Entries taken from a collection
- - - - -

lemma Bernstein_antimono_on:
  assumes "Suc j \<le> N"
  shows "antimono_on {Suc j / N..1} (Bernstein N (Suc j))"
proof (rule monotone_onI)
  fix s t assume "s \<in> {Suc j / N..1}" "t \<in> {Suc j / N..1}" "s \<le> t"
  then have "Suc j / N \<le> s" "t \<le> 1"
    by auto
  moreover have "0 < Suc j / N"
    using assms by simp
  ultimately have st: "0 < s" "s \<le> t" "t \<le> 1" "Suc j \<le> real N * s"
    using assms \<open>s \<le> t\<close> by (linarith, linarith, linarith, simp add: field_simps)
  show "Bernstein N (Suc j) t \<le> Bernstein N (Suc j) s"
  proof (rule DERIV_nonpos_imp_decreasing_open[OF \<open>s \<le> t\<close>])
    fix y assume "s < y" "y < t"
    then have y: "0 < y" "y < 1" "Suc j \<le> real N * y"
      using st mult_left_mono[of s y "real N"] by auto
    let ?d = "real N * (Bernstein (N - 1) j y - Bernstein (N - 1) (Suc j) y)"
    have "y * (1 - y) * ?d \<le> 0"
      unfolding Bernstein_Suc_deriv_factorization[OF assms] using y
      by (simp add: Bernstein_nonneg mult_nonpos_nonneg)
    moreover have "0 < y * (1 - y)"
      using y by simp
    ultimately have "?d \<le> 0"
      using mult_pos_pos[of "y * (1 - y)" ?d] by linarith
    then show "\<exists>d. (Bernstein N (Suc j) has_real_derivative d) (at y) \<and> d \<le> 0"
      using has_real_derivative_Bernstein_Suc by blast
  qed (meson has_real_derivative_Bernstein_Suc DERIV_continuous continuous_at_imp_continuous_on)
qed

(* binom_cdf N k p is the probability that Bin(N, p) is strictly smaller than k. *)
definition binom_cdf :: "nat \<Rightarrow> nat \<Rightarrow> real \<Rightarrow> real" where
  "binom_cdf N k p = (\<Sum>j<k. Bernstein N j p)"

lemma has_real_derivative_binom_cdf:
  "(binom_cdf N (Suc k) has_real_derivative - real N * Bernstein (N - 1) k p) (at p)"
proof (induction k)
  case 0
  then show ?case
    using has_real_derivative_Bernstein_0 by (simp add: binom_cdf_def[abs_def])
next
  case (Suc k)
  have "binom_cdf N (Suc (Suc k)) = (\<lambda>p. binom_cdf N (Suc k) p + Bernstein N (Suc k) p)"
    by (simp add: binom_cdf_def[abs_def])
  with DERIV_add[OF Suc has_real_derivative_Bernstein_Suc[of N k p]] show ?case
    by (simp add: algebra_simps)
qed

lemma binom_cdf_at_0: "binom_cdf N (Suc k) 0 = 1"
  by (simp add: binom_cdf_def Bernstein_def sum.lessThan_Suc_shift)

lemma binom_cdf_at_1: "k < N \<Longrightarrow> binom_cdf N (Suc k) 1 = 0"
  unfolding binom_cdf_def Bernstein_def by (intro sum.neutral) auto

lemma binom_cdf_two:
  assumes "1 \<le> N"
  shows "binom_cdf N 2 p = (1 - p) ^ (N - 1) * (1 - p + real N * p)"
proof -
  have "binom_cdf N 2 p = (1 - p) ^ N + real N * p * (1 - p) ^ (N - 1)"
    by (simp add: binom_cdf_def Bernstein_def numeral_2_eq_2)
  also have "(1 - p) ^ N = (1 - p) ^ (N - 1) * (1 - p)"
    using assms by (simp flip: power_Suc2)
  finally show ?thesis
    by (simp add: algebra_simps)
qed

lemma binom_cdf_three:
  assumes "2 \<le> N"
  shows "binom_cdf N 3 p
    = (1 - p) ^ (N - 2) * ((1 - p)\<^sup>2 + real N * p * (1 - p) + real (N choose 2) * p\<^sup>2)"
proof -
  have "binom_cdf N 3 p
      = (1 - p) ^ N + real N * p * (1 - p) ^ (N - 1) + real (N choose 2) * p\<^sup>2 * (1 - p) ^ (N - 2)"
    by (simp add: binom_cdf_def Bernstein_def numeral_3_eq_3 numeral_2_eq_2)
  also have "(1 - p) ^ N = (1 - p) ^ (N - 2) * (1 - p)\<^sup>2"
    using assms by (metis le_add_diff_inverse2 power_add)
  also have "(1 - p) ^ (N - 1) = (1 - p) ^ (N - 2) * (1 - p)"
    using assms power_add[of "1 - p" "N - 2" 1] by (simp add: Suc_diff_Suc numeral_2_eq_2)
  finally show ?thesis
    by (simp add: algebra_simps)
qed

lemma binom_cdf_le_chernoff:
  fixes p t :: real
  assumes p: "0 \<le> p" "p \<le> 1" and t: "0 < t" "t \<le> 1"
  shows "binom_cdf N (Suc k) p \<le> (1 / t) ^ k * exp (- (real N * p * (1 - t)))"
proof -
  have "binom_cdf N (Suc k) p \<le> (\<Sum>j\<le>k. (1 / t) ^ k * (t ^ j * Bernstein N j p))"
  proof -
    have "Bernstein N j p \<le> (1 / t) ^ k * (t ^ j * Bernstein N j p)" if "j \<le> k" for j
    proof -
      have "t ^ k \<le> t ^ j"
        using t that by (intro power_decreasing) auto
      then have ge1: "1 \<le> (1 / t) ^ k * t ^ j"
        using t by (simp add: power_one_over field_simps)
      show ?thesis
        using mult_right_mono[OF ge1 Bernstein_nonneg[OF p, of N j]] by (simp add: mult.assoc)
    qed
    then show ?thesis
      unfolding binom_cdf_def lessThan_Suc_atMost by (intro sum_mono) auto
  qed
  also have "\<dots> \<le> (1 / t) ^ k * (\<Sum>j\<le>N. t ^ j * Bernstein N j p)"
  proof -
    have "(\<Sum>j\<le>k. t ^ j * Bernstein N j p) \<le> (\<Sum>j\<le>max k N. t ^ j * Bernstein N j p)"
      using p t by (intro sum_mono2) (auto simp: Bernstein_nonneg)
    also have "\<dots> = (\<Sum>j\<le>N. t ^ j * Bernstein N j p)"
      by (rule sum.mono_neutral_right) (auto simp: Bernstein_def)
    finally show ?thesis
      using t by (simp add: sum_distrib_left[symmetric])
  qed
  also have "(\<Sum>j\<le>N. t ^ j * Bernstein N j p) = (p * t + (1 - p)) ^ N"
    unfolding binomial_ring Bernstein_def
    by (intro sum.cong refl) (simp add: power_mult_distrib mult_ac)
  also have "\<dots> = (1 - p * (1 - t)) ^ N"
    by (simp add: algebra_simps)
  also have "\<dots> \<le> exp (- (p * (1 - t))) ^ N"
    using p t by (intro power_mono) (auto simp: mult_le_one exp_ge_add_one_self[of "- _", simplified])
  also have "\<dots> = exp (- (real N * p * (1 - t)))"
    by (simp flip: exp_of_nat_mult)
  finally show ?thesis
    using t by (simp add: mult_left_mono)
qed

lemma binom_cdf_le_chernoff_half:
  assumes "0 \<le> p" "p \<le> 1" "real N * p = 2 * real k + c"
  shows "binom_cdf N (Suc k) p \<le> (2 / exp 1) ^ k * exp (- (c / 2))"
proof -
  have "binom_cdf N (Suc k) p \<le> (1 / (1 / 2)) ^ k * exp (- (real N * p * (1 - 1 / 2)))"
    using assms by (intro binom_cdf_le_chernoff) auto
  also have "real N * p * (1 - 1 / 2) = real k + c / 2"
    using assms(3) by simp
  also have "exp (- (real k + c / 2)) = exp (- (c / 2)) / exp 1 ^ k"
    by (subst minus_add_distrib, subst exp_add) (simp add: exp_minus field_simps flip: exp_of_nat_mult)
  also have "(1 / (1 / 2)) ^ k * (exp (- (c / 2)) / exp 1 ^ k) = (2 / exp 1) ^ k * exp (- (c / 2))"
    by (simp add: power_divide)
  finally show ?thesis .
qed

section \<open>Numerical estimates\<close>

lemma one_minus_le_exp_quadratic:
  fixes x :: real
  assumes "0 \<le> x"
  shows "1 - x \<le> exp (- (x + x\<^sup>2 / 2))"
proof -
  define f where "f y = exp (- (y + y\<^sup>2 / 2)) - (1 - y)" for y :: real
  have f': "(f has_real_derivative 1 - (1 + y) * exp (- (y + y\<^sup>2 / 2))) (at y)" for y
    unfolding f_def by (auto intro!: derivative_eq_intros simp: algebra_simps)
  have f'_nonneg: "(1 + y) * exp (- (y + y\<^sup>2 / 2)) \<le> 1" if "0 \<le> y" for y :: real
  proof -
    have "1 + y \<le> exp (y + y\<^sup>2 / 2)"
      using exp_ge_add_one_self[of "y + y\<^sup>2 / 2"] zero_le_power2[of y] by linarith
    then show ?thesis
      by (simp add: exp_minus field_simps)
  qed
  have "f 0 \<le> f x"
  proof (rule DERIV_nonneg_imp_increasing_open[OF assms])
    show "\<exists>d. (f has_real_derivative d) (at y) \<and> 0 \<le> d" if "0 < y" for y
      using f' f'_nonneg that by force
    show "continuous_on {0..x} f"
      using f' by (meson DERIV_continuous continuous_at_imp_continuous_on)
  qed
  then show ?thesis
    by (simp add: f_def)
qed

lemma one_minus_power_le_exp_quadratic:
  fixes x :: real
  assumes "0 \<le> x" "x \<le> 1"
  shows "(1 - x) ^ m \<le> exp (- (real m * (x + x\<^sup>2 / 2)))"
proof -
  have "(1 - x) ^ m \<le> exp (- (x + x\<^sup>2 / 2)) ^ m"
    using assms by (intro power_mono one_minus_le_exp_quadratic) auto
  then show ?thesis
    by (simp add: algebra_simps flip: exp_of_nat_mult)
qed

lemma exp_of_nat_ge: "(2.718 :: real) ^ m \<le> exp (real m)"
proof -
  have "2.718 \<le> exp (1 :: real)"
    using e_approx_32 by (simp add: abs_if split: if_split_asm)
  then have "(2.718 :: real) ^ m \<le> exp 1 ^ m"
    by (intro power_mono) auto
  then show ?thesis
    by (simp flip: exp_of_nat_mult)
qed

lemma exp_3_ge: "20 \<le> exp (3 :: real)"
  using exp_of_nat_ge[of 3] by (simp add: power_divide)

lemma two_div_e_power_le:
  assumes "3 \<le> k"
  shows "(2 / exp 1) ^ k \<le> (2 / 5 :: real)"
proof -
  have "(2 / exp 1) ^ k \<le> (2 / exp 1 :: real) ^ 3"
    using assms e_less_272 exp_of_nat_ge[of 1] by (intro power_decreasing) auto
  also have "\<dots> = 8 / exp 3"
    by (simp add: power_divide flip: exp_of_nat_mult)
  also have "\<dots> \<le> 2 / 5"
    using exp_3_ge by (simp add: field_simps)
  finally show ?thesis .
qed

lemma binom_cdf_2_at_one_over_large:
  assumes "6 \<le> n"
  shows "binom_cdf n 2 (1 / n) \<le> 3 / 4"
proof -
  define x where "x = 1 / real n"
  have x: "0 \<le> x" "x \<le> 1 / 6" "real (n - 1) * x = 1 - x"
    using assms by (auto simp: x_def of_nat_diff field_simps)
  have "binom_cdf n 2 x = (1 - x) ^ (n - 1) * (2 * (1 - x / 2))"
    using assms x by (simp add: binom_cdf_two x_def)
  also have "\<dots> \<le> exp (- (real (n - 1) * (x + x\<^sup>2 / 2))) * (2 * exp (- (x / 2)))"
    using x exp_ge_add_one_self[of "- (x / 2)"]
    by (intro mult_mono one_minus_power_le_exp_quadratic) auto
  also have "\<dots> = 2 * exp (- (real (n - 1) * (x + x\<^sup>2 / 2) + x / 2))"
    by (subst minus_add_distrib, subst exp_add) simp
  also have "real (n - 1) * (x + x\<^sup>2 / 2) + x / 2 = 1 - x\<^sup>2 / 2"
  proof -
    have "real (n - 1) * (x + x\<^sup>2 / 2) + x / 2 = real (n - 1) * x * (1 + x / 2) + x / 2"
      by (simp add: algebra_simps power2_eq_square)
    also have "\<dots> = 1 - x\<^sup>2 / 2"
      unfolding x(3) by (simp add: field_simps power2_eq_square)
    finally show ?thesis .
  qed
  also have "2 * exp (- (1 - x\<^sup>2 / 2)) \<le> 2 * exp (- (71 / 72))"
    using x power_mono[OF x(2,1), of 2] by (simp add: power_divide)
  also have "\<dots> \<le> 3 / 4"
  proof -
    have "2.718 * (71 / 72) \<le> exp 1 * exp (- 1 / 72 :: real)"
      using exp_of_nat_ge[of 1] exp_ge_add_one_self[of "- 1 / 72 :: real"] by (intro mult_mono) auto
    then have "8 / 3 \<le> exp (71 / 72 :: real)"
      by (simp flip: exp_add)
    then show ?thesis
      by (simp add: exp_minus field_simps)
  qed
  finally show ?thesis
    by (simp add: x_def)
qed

- - - - -

(Work instruction): In the records above, find the line with "N (Suc (Suc"; write out exactly that line and each one after it, stopping after the line with "< N \<Longrightarrow>".

(Your response):
  have "binom_cdf N (Suc (Suc k)) = (\<lambda>p. binom_cdf N (Suc k) p + Bernstein N (Suc k) p)"
    by (simp add: binom_cdf_def[abs_def])
  with DERIV_add[OF Suc has_real_derivative_Bernstein_Suc[of N k p]] show ?case
    by (simp add: algebra_simps)
qed

lemma binom_cdf_at_0: "binom_cdf N (Suc k) 0 = 1"
  by (simp add: binom_cdf_def Bernstein_def sum.lessThan_Suc_shift)

lemma binom_cdf_at_1: "k < N \<Longrightarrow> binom_cdf N (Suc k) 1 = 0"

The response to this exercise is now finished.